Data Catalog uses the following default ports and protocols for the specified components:

ComponentProtocolPort
Data Catalog Application server

HTTPS

31083
Keycloak administration consoleHTTPS30880
MinIO consoleHTTPS30901

Minimum node requirements

The sections listed below list the minimum node requirements for your system:

Kubernetes requirements

The requirements for Kubernetes include:

  • Minimum of 20 GB, typically 100 GB of disk space. The node does not store data or metadata, just the software and logs.
  • Minimum of 4 CPUs, running at least 2-2.5 GHz, typically 8 CPUs.
  • Minimum of 6 GB of RAM, typically 16 GB.
  • Bonded Gigabit Ethernet or 10 Gigabit Ethernet.
  • Linux operating system. The netstat, and lsof commands are useful.
  • JDK version 1.8.x.
  • Installed Java Cryptography Extension (JCE) policy file available from Oracle at www.oracle.com/technetwork/java/javase/downloads/index.html.

Agent

Agents are processing engine components that can run on multiple remote clusters, and are installed on the edge nodes of a Hadoop cluster.

The requirements include:

  • Minimum of 20 GB, typically 100 GB disk space. The node does not store data or metadata, just the software and logs.
  • Minimum 4 CPUs, running at least 2 to 2.5 GHz, typically 16 CPUs if running Spark in Yarn client mode.
  • Minimum 6 GB of RAM, typically 64 GB if running Spark in Yarn client mode.
  • Bonded Gigabit Ethernet or 10 Gigabit Ethernet.
  • Linux operating system. The netstat, and lsof commands are useful.
  • JDK version 1.8.x.
  • Installed Java Cryptography Extension (JCE) policy file available from Oracle at www.oracle.com/technetwork/java/javase/downloads/index.html.

Multi-byte support

Data Catalog handles cluster data transparently, assuming the data is stored in formats that Data Catalog supports. Data Catalog does not enforce any additional limitations beyond what Hadoop and its components enforce. However, there are locations where the configuration of your Hadoop environment should align with the data you are managing. These locations include:

  • Operating system locale.
  • Character set supported by Hive client and server.
  • Character set supported by MongoDB.

The Data Catalog browser application allows users to enter multi-byte characters to annotate HDFS data. Where Data Catalog interfaces with other applications, such as Hive, Data Catalog enforces the requirements of the integrated application.

Component validations

You must verify the proper functioning of the various components that interact with Data Catalog.
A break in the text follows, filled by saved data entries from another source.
lemma verts_delete_vertex:
  assumes "k0 < length ns"
  shows "(k, j) \<in> verts (linear_forest (delete_vertex ns k0 i0)) \<longleftrightarrow>
    (k < length ns \<and> k \<noteq> k0 \<and> j < ns ! k) \<or> (k = k0 \<and> j < i0) \<or>
    (k = length ns \<and> j < ns ! k0 - 1 - i0)"
  using assms by (auto simp: delete_vertex_def nth_append nth_list_update less_Suc_eq)

lemma adj_delete_vertex:
  assumes "k0 < length ns"
  shows "adj (linear_forest (delete_vertex ns k0 i0)) (k, j) (k', j') \<longleftrightarrow>
    k' = k \<and> (j + 1 = j' \<or> j' + 1 = j) \<and>
    ((k < length ns \<and> k \<noteq> k0 \<and> j < ns ! k \<and> j' < ns ! k) \<or> (k = k0 \<and> j < i0 \<and> j' < i0) \<or>
     (k = length ns \<and> j < ns ! k0 - 1 - i0 \<and> j' < ns ! k0 - 1 - i0))"
  using assms by (auto simp: delete_vertex_def nth_append nth_list_update less_Suc_eq)

context
  fixes ns :: "nat list" and k0 i0 :: nat
  assumes k0: "k0 < length ns" and i0: "i0 < ns ! k0"
begin

abbreviation (input) forest_minus_vertex :: "(nat \<times> nat) graph" where
  "forest_minus_vertex \<equiv> induced_subgraph (linear_forest ns) (verts (linear_forest ns) - {(k0, i0)})"

lemma adj_forest_minus_vertex:
  "adj forest_minus_vertex (k, j) (k', j') \<longleftrightarrow> (k, j) \<noteq> (k0, i0) \<and> (k', j') \<noteq> (k0, i0) \<and>
     k < length ns \<and> k' = k \<and> j < ns ! k \<and> j' < ns ! k \<and> (j + 1 = j' \<or> j' + 1 = j)"
  by auto

lemma full_hom_minus_vertex_to_delete_vertex:
  "full_hom forest_minus_vertex (linear_forest (delete_vertex ns k0 i0))
     (\<lambda>(k, j). if k = k0 \<and> i0 < j then (length ns, j - i0 - 1) else (k, j))"
  unfolding full_hom_def
proof (intro conjI ballI)
  fix x assume "x \<in> verts forest_minus_vertex"
  then show "(case x of (k, j) \<Rightarrow> if k = k0 \<and> i0 < j then (length ns, j - i0 - 1) else (k, j))
      \<in> verts (linear_forest (delete_vertex ns k0 i0))"
    using k0 by (cases x) (auto simp: delete_vertex_def nth_append nth_list_update)
next
  fix x y assume "x \<in> verts forest_minus_vertex" "y \<in> verts forest_minus_vertex"
  then obtain k j k' j' where x: "x = (k, j)" "k < length ns" "j < ns ! k" "(k, j) \<noteq> (k0, i0)"
    and y: "y = (k', j')" "k' < length ns" "j' < ns ! k'" "(k', j') \<noteq> (k0, i0)"
    by (cases x, cases y) auto
  show "adj forest_minus_vertex x y \<longleftrightarrow> adj (linear_forest (delete_vertex ns k0 i0))
      (case x of (k, j) \<Rightarrow> if k = k0 \<and> i0 < j then (length ns, j - i0 - 1) else (k, j))
      (case y of (k, j) \<Rightarrow> if k = k0 \<and> i0 < j then (length ns, j - i0 - 1) else (k, j))"
    unfolding x(1) y(1) using x(2-) y(2-) k0 i0
    by (cases "k = k0"; cases "k' = k0"; cases "i0 < j"; cases "i0 < j'";
        simp add: adj_forest_minus_vertex adj_delete_vertex[OF k0] del: adj_linear_forest adj_induced_subgraph;
        presburger)
qed

lemma full_hom_delete_vertex_to_minus_vertex:
  "full_hom (linear_forest (delete_vertex ns k0 i0)) forest_minus_vertex
     (\<lambda>(k, j). if k = length ns then (k0, j + i0 + 1) else (k, j))"
  unfolding full_hom_def
proof (intro conjI ballI)
  fix x assume "x \<in> verts (linear_forest (delete_vertex ns k0 i0))"
  then show "(case x of (k, j) \<Rightarrow> if k = length ns then (k0, j + i0 + 1) else (k, j)) \<in> verts forest_minus_vertex"
    using k0 i0 by (cases x)
      (auto simp: delete_vertex_def nth_append nth_list_update less_Suc_eq split: if_split_asm)
next
  fix x y assume "x \<in> verts (linear_forest (delete_vertex ns k0 i0))"
    "y \<in> verts (linear_forest (delete_vertex ns k0 i0))"
  then obtain k j k' j' where x: "x = (k, j)" "(k < length ns \<and> k \<noteq> k0 \<and> j < ns ! k) \<or>
      (k = k0 \<and> j < i0) \<or> (k = length ns \<and> j < ns ! k0 - 1 - i0)"
    and y: "y = (k', j')" "(k' < length ns \<and> k' \<noteq> k0 \<and> j' < ns ! k') \<or>
      (k' = k0 \<and> j' < i0) \<or> (k' = length ns \<and> j' < ns ! k0 - 1 - i0)"
    by (cases x, cases y) (auto simp del: verts_linear_forest simp: verts_delete_vertex[OF k0])
  show "adj (linear_forest (delete_vertex ns k0 i0)) x y \<longleftrightarrow> adj forest_minus_vertex
      (case x of (k, j) \<Rightarrow> if k = length ns then (k0, j + i0 + 1) else (k, j))
      (case y of (k, j) \<Rightarrow> if k = length ns then (k0, j + i0 + 1) else (k, j))"
    unfolding x(1) y(1) using x(2) y(2) k0 i0
    by (cases "k = length ns"; cases "k' = length ns"; cases "k = k0"; cases "k' = k0";
        simp add: adj_forest_minus_vertex adj_delete_vertex[OF k0] del: adj_linear_forest adj_induced_subgraph;
        presburger)
qed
Perform the following validations:

  1. Validate Spark environment variables.
  2. Validate the user authentication method.

Once these component validations are verified, you can start configuring the components for Data Catalog compatibility.

Validate Spark environment variables

You need to run a smoke test to verify that all underlying Spark environmental variables are correctly setup. Data Catalog jobs run in a manner similar to Spark SQL context.

Perform the following steps to run the smoke test:

Procedure

  1. Open spark-shell:

    $ /usr/bin/spark-shell

  2. Import the following packages to create SparkConf, SparkContext, and HiveContext objects:

    $ import org.apache.spark.SparkConf

    $ import org.apache.spark.SparkContext

    $ import org.apache.spark.sql.hive.HiveContext

  3. Create a new SQL context:

    $ val sqlContext = new HiveContext(sc);

    $ sqlContext.sql("select count(*) from database.table").collect().foreach(println)

Validating the user authentication method

Before installing Data Catalog on a secure cluster, you need to identify what security measures your cluster employs for authentication so you can integrate Data Catalog to use the sanctioned security channels. You need to know the authentication method and configuration details. You also need to validate that you can access your authentication system.

Keycloak authentication

Keycloak authentication is installed by default.